Porsche’s endeavors with electrification are well known, and it has been pushing forward with such powertrains over the past decade. The Taycan EV was one of the first performance EVs on the market and had its best sales year ever with over 7,500 cars sold, in addition to the plug-in hybrids that Porsche has been making for years now, starting with the Panamera SE Hybrid back in 2013.
Overall hybrid sales have also been growing in America with 1 million hybrids sold last year, representing a 76% jump in sales according to Edmunds.com.
The good old technology transfer that many automakers say originates in racing and comes to production cars is still in play. The manufacturers are well past using innovations like windshield wipers and rearview mirrors that originated in the heyday of racing; now everything from new batteries and drivetrains to software that blends electric power with gas is all being tweaked on the track.
Porsche Team race car driver Dane Cameron, one of the drivers of the winning Porsche 963 race car, said the tech “crossover” is apparent in everything they do. “I think in that crossover, the technology crossover and the way [Porsche engineers] lean back and forth to put things on the road cars [from race cars] … they're not so far away from the race cars in a lot of ways,” Cameron said to Yahoo Finance.
GM Corvette driver Tommy Milner, who races in the series below GTP, said Porsche isn’t the only innovator here.
“I think the relationship between race car and streetcar is as close as it's ever been with the Corvette [Z06 GT3.R race car],” Milner said from the Corvette factory in Bowling Green, Ky., late last year. “There's dialogue with the racing team engineers and with the production car engineers as they evolve from generations within the model year; if there are things that the production car engineers can build into that car, they will do so to help the race team.”
Building a sustainable business
Ford CEO Jim Farley told Yahoo Finance last month that not only does he want to expand Ford’s racing presence across race tracks (and off-road trails) globally, but he wants it to be a profitable, sustainable business.
“We think that racing could be a business, a sustainable business I've seen over my 40-year career,” Farley said from Ford’s Season Launch racing event. “We want our racing to be sustainable as a business so that when Jim Farley or whoever is next, we're still racing for the same reasons to keep our products fresh, so that you want to make the business healthy enough to make money from racing.”
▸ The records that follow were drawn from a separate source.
lemma skew_reflect_monom:
  "p \<le> N \<Longrightarrow> skew_reflect N (monom x p) = monom ((\<theta> ^^ (N - p)) x) (N - p)"
  by (rule poly_eqI) (auto simp: coeff_skew_reflect coeff_monom)

lemma skew_reflect_skew_mult:
  assumes "degree f \<le> d" "degree g \<le> e"
  shows "skew_reflect (d + e) (f \<diamondop> g) = map_poly (\<theta> ^^ d) (skew_reflect e g) \<diamondop> skew_reflect d f"
proof -
  have monoms: "skew_reflect (d + e) (monom x p \<diamondop> monom y r)
      = map_poly (\<theta> ^^ d) (skew_reflect e (monom y r)) \<diamondop> skew_reflect d (monom x p)"
    if "p \<le> d" "r \<le> e" for x y p r
    using that
    by (simp add: skew_reflect_monom monom_skew_mult_monom map_poly_monom hom_distribs
        mult.commute add.commute add.left_commute)
  have map_poly_sum: "map_poly (\<theta> ^^ d) (\<Sum>i\<in>A. F i) = (\<Sum>i\<in>A. map_poly (\<theta> ^^ d) (F i))"
    for A and F :: "nat \<Rightarrow> 'a poly"
    by (rule poly_eqI) (simp add: coeff_map_poly coeff_sum hom_distribs)
  have "skew_reflect (d + e) ((\<Sum>p\<le>d. monom (coeff f p) p) \<diamondop> (\<Sum>r\<le>e. monom (coeff g r) r))
      = map_poly (\<theta> ^^ d) (skew_reflect e (\<Sum>r\<le>e. monom (coeff g r) r))
        \<diamondop> skew_reflect d (\<Sum>p\<le>d. monom (coeff f p) p)"
    by (simp add: skew_mult_sum_left skew_mult_sum_right skew_reflect_sum map_poly_sum monoms)
       (rule sum.swap)
  then show ?thesis by (simp add: poly_as_sum_of_monoms' assms)
qed

lemma rho_l_skew_mult:
  assumes "f \<noteq> 0" "g \<noteq> 0"
  shows "rho_l \<theta> (f \<diamondop> g) = map_poly (\<theta> ^^ degree f) (rho_l \<theta> g) \<diamondop> rho_l \<theta> f"
  unfolding rho_l_eq_skew_reflect degree_skew_mult[OF assms] by (rule skew_reflect_skew_mult) auto

lemma degree_rho_l: "coeff f 0 \<noteq> 0 \<Longrightarrow> degree (rho_l \<theta> f) = degree f"
  by (intro antisym degree_le le_degree) (auto simp: rho_l_eq_skew_reflect coeff_skew_reflect)

lemma monom_1_skew_mult_rho_l: "monom 1 t \<diamondop> rho_l \<theta> w = skew_reflect (degree w + t) w"
proof (rule poly_eqI)
  fix l
  show "coeff (monom 1 t \<diamondop> rho_l \<theta> w) l = coeff (skew_reflect (degree w + t) w) l"
  proof (cases "t \<le> l")
    case True
    then have "degree w - (l - t) = degree w + t - l" "t + (l - t) = l" by simp_all
    then show ?thesis
      using True by (auto simp: rho_l_eq_skew_reflect coeff_monom_skew_mult coeff_skew_reflect)
  next
    case False
    then show ?thesis by (simp add: coeff_monom_skew_mult coeff_skew_reflect coeff_eq_0)
  qed
qed

text \<open>Pairing a coefficient vector with a reflected polynomial is skew multiplication; this is
  how the transpose in the second product is absorbed.\<close>

lemma sum_coeff_mult_skew_reflect:
  assumes "N < n"
  shows "(\<Sum>l<n. coeff u l * coeff (skew_reflect N w) l) = coeff (u \<diamondop> w) N"
proof -
  have "(\<Sum>l<n. coeff u l * coeff (skew_reflect N w) l)
      = (\<Sum>l<n. if l \<le> N then coeff u l * (\<theta> ^^ l) (coeff w (N - l)) else 0)"
    by (intro sum.cong) (auto simp: coeff_skew_reflect)
  also have "\<dots> = (\<Sum>l\<le>N. coeff u l * (\<theta> ^^ l) (coeff w (N - l)))"
    using assms by (intro sum.mono_neutral_cong_right) auto
  finally show ?thesis by (simp add: coeff_skew_mult)
qed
And believe it or not, the motorsports business is profitable. Porsche sold over 400 race cars last year to customers who race 911 GT3 R race cars, for example, across the globe, not to mention parts and servicing of those race cars, which provide revenue as well.
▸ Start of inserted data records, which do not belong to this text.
definition Ideal_I :: "'a::wellorder \<Rightarrow> 'a set set" where
  "Ideal_I k = {A. \<exists>h::'a \<Rightarrow> 'a. (\<forall>x. h x < k) \<and>
      (\<forall>d\<in>A \<inter> Scof k. \<exists>C. club_below d C \<and> strict_mono_on C h)}"

definition Aset :: "('a::wellorder \<Rightarrow> 'a \<Rightarrow> 'a set) \<Rightarrow> ('a \<Rightarrow> 'a) \<Rightarrow> 'a \<Rightarrow> 'a set" where
  "Aset a f i = {al. is_sup_of al {z \<in> a al i. f z \<in> a al i}}"

end

theory Submission
  imports Defs "HOL-Library.Countable_Set_Type"
begin

text \<open>Fix for every d an injection of d into the disjoint sum of the mu_i, i < kappa, and let
  b^d_i be the ordinals below d coded at a level \<le> i; when cf d \<le> kappa fix moreover a club
  e_d of d of size \<le> kappa, the ladder of d. Put a^d_i = b^d_i \<union> e_d \<union> \<Union>{a^c_i | c \<in> e_d}.
  Every z < d, together with f z, enters b^d_i from some level i < kappa on. For d in the club
  E_f of limits of f-closed ordinals this gives (B): if cf d < kappa, the levels along a cofinal
  set of size cf d are bounded by regularity of kappa; if cf d > kappa, a pigeonhole argument
  applies. (C) holds because stationarity of A_i below g yields points c of A_i on the ladder of
  g, and a^c_i \<subseteq> a^g_i. For (D), take d \<in> S_f \<inter> E_f: by (C) each A_j misses a club D_j of d,
  and on a club T of d whose proper initial segments have size < kappa and whose points lie in
  E_f and have cofinality \<noteq> kappa, hence lie in some A_i, the least such i is strictly increasing
  along the diagonal intersection of the D_j.\<close>

lemma Well_order_le: "Well_order {(x::'a::wellorder, y). x \<le> y}"
  unfolding well_order_on_def linear_order_on_def partial_order_on_def preorder_on_def
    refl_on_def trans_def antisym_def total_on_def Field_def
  by (auto intro: wf_subset[OF wf])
“Porsche motorsport is not only GTP [factory-owned racing]. For sure, it's an important one, but we start really from, I would even say grassroots racing,” Porsche’s Laudenbach adds. “Somebody can buy a race car and go to a track weekend. We got the 'one-make' series,” Laudenbach said, referring to series where every competitor uses the same car and parts, for example a 911 GT3 R race car. “I think there's far more than 30 [Porsche] one-make series all over the world,” he said.
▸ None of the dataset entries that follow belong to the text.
lemma has_real_derivative_inverse_within:
  fixes f g :: "real \<Rightarrow> real"
  assumes "(f has_real_derivative D) (at x within S)" "D \<noteq> 0" "x \<in> S"
    and "continuous (at (f x) within f ` S) g" "\<And>z. z \<in> S \<Longrightarrow> g (f z) = z"
  shows "(g has_real_derivative inverse D) (at (f x) within f ` S)"
  unfolding has_field_derivative_def
  by (rule has_derivative_inverse_within[OF assms(1)[unfolded has_field_derivative_def]])
    (use assms in \<open>auto simp: fun_eq_iff\<close>)

lemma increasing_on_Icc_inverse:
  fixes X X' :: "real \<Rightarrow> real"
  assumes "a < b"
    and deriv: "\<And>t. t \<in> {a..b} \<Longrightarrow> (X has_real_derivative X' t) (at t within {a..b})"
    and pos: "\<And>t. t \<in> {a..<b} \<Longrightarrow> X' t > 0"
  obtains T where "X a < X b"
    "\<And>x. x \<in> {X a..X b} \<Longrightarrow> T x \<in> {a..b} \<and> X (T x) = x"
    "\<And>t. t \<in> {a..b} \<Longrightarrow> T (X t) = t"
    "continuous_on {X a..X b} T"
    "\<And>x. x \<in> {X a..<X b} \<Longrightarrow> (T has_real_derivative inverse (X' (T x))) (at x within {X a..X b})"
proof -
  have cont: "continuous_on {a..b} X"
    using deriv by (rule DERIV_continuous_on)
  have less: "X t1 < X t2" if "a \<le> t1" "t1 < t2" "t2 \<le> b" for t1 t2
    using that
    by (intro less_if_deriv_pos_on_Icc[of t1 t2 X X'] has_field_derivative_subset[OF deriv] pos)
      auto
  then have inj: "inj_on X {a..b}"
    by (intro inj_onI) (metis atLeastAtMost_iff linorder_neqE_linordered_idom less_irrefl)
  have image: "X ` {a..b} = {X a..X b}"
  proof
    show "X ` {a..b} \<subseteq> {X a..X b}"
      using less \<open>a < b\<close> by (force simp: le_less)
    show "{X a..X b} \<subseteq> X ` {a..b}"
      using IVT'[of X a _ b] cont \<open>a < b\<close> by (force simp: image_iff)
  qed
  define T where "T = inv_into {a..b} X"
  have T_X: "T (X t) = t" if "t \<in> {a..b}" for t
    using inv_into_f_f[OF inj that] by (simp add: T_def)
  have X_T: "T x \<in> {a..b} \<and> X (T x) = x" if "x \<in> {X a..X b}" for x
    using that image f_inv_into_f[of x X "{a..b}"] inv_into_into[of x X "{a..b}"]
    by (auto simp: T_def)
  have T_cont: "continuous_on {X a..X b} T"
    using continuous_on_inv[OF cont compact_Icc, of T] T_X image by auto
  show ?thesis
  proof (rule that[OF less[OF order_refl \<open>a < b\<close> order_refl] X_T T_X T_cont])
    fix x assume x: "x \<in> {X a..<X b}"
    then have t: "T x \<in> {a..b}" and XT: "X (T x) = x" using X_T by auto
    then have "T x \<noteq> b" using x by auto
    with t have "X' (T x) \<noteq> 0" using pos[of "T x"] by auto
    moreover have "continuous (at (X (T x)) within X ` {a..b}) T"
      using T_cont x XT image by (auto simp: continuous_on_eq_continuous_within)
    ultimately have "(T has_real_derivative inverse (X' (T x))) (at (X (T x)) within X ` {a..b})"
      using t T_X by (intro has_real_derivative_inverse_within deriv)
    then show "(T has_real_derivative inverse (X' (T x))) (at x within {X a..X b})"
      by (simp add: XT image)
  qed
qed

section \<open>Uniqueness of positive solutions\<close>

text \<open>Gronwall-type argument: \<open>(h - g)\<^sup>2 e\<^sup>-\<^sup>2\<^sup>K\<^sup>x\<close> is non-increasing.\<close>
lemma eq_if_one_sided_lipschitz:
  fixes g h g' h' :: "real \<Rightarrow> real"
  assumes "a \<le> b" "g a = h a"
    and g: "\<And>x. x \<in> {a..b} \<Longrightarrow> (g has_real_derivative g' x) (at x within {a..b})"
    and h: "\<And>x. x \<in> {a..b} \<Longrightarrow> (h has_real_derivative h' x) (at x within {a..b})"
    and gap: "\<And>x. x \<in> {a..b} \<Longrightarrow> (h' x - g' x) * (h x - g x) \<le> K * (h x - g x)\<^sup>2"
  shows "h b = g b"
proof -
  define w where "w x = (h x - g x)\<^sup>2 * exp (- 2 * K * x)" for x
  define w' where "w' x = 2 * exp (- 2 * K * x) * ((h' x - g' x) * (h x - g x) - K * (h x - g x)\<^sup>2)" for x
  have w: "(w has_real_derivative w' x) (at x within {a..b})" if "x \<in> {a..b}" for x
    unfolding w_def w'_def
    by (rule derivative_eq_intros g[OF that] h[OF that] refl | simp add: algebra_simps power2_eq_square)+
  have "- w a \<le> - w b"
  proof (rule le_if_deriv_nonneg_on_Icc[OF \<open>a \<le> b\<close>])
    show "((\<lambda>x. - w x) has_real_derivative - w' x) (at x within {a..b})" if "x \<in> {a..b}" for x
      using w[OF that] by (rule derivative_intros)
    show "- w' x \<ge> 0" if "x \<in> {a..b}" for x
      using gap[OF that] by (simp add: w'_def mult_nonneg_nonpos)
  qed
  then have "(h b - g b)\<^sup>2 * exp (- 2 * K * b) \<le> 0"
    by (simp add: w_def \<open>g a = h a\<close>)
  then show ?thesis
    by (simp add: mult_le_0_iff)
qed

lemma pos_solutions_agree:
  fixes s x0 gamma0 b c x :: real and P g h :: "real \<Rightarrow> real"
  assumes s: "s > 0" and x0: "x0 > 0" and P: "continuous_on {x0..} P"
    and g: "pos_solution s P x0 gamma0 g b" and h: "pos_solution s P x0 gamma0 h c"
    and x: "x \<in> {x0..<min b c}"
  shows "h x = g x"
proof -
  let ?S = "{x0..x}"
  have sub: "?S \<subseteq> {x0..<b}" "?S \<subseteq> {x0..<c}" using x by auto
  have g': "g y > 0" "(g has_real_derivative (g y + (g y)\<^sup>2 - P y) / (s * y * g y)) (at y within ?S)"
    and h': "h y > 0" "(h has_real_derivative (h y + (h y)\<^sup>2 - P y) / (s * y * h y)) (at y within ?S)"
    if "y \<in> ?S" for y
    using g h subsetD[OF sub(1) that] subsetD[OF sub(2) that] has_field_derivative_subset[OF _ sub(1)]
      has_field_derivative_subset[OF _ sub(2)]
    unfolding pos_solution_def by blast+
  obtain yg where yg: "yg \<in> ?S" "\<And>y. y \<in> ?S \<Longrightarrow> g yg \<le> g y"
    using continuous_attains_inf[OF compact_Icc _ DERIV_continuous_on[OF g'(2)]] x by auto
  obtain yh where yh: "yh \<in> ?S" "\<And>y. y \<in> ?S \<Longrightarrow> h yh \<le> h y"
    using continuous_attains_inf[OF compact_Icc _ DERIV_continuous_on[OF h'(2)]] x by auto
  obtain C where C: "\<And>y. y \<in> ?S \<Longrightarrow> \<bar>P y\<bar> \<le> C"
    using compact_imp_bounded[OF compact_continuous_image[OF continuous_on_subset[OF P] compact_Icc]]
    by (force simp: bounded_real)
  then have "C \<ge> 0" using x by force
  define N where "N = 1 + C / (g yg * h yh)"
  have m: "g yg > 0" "h yh > 0" using g'(1)[OF yg(1)] h'(1)[OF yh(1)] .
  show ?thesis
  proof (rule eq_if_one_sided_lipschitz[OF _ _ g'(2) h'(2)])
    show "x0 \<le> x" "g x0 = h x0" using x g h by (auto simp: pos_solution_def)
    fix y assume y: "y \<in> ?S"
    define c where "c = (1 + P y / (g y * h y)) / (s * y)"
    have gy: "g y > 0" and hy: "h y > 0" and sy: "s * x0 \<le> s * y"
      using g'(1)[OF y] h'(1)[OF y] y s by auto
    have diff: "(h y + (h y)\<^sup>2 - P y) / (s * y * h y) - (g y + (g y)\<^sup>2 - P y) / (s * y * g y)
        = (h y - g y) * c"
      using gy hy s x0 y by (simp add: c_def field_simps power2_eq_square)
    have "g yg * h yh \<le> g y * h y"
      using yg(2)[OF y] yh(2)[OF y] m by (intro mult_mono) auto
    then have "P y / (g y * h y) \<le> C / (g yg * h yh)"
      using C[OF y] \<open>C \<ge> 0\<close> gy hy m
      by (meson abs_le_D1 divide_left_mono divide_right_mono mult_pos_pos order_trans less_imp_le)
    then have "c \<le> N / (s * y)"
      unfolding c_def using s x0 y by (intro divide_right_mono) (auto simp: N_def)
    also have "\<dots> \<le> N / (s * x0)"
      using sy s x0 \<open>C \<ge> 0\<close> m by (intro divide_left_mono) (auto simp: N_def)
    finally have "c * (h y - g y)\<^sup>2 \<le> N / (s * x0) * (h y - g y)\<^sup>2"
      by (rule mult_right_mono) simp
    then show "((h y + (h y)\<^sup>2 - P y) / (s * y * h y) - (g y + (g y)\<^sup>2 - P y) / (s * y * g y))
        * (h y - g y) \<le> N / (s * x0) * (h y - g y)\<^sup>2"
      unfolding diff by (simp add: power2_eq_square mult_ac)
  qed
qed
Ford is targeting Porsche in this realm too, making multiple versions of the Mustang sports coupe into race cars across various levels. While Ford’s goals here in motorsport are audacious, it has a long way to go to catch up to where Porsche is on that front: The German automaker has now claimed 23 overall wins at Daytona, and that’s just one track.
“I think it's fair to say that I cannot imagine our brand without motorsport,” Laudenbach said in all seriousness. Though he adds the caveat, in his German accent and with a slight smile, that racing must be “run as a business case.”
No doubt Ford, GM, and other automakers looking for glory on the asphalt of Daytona would agree too.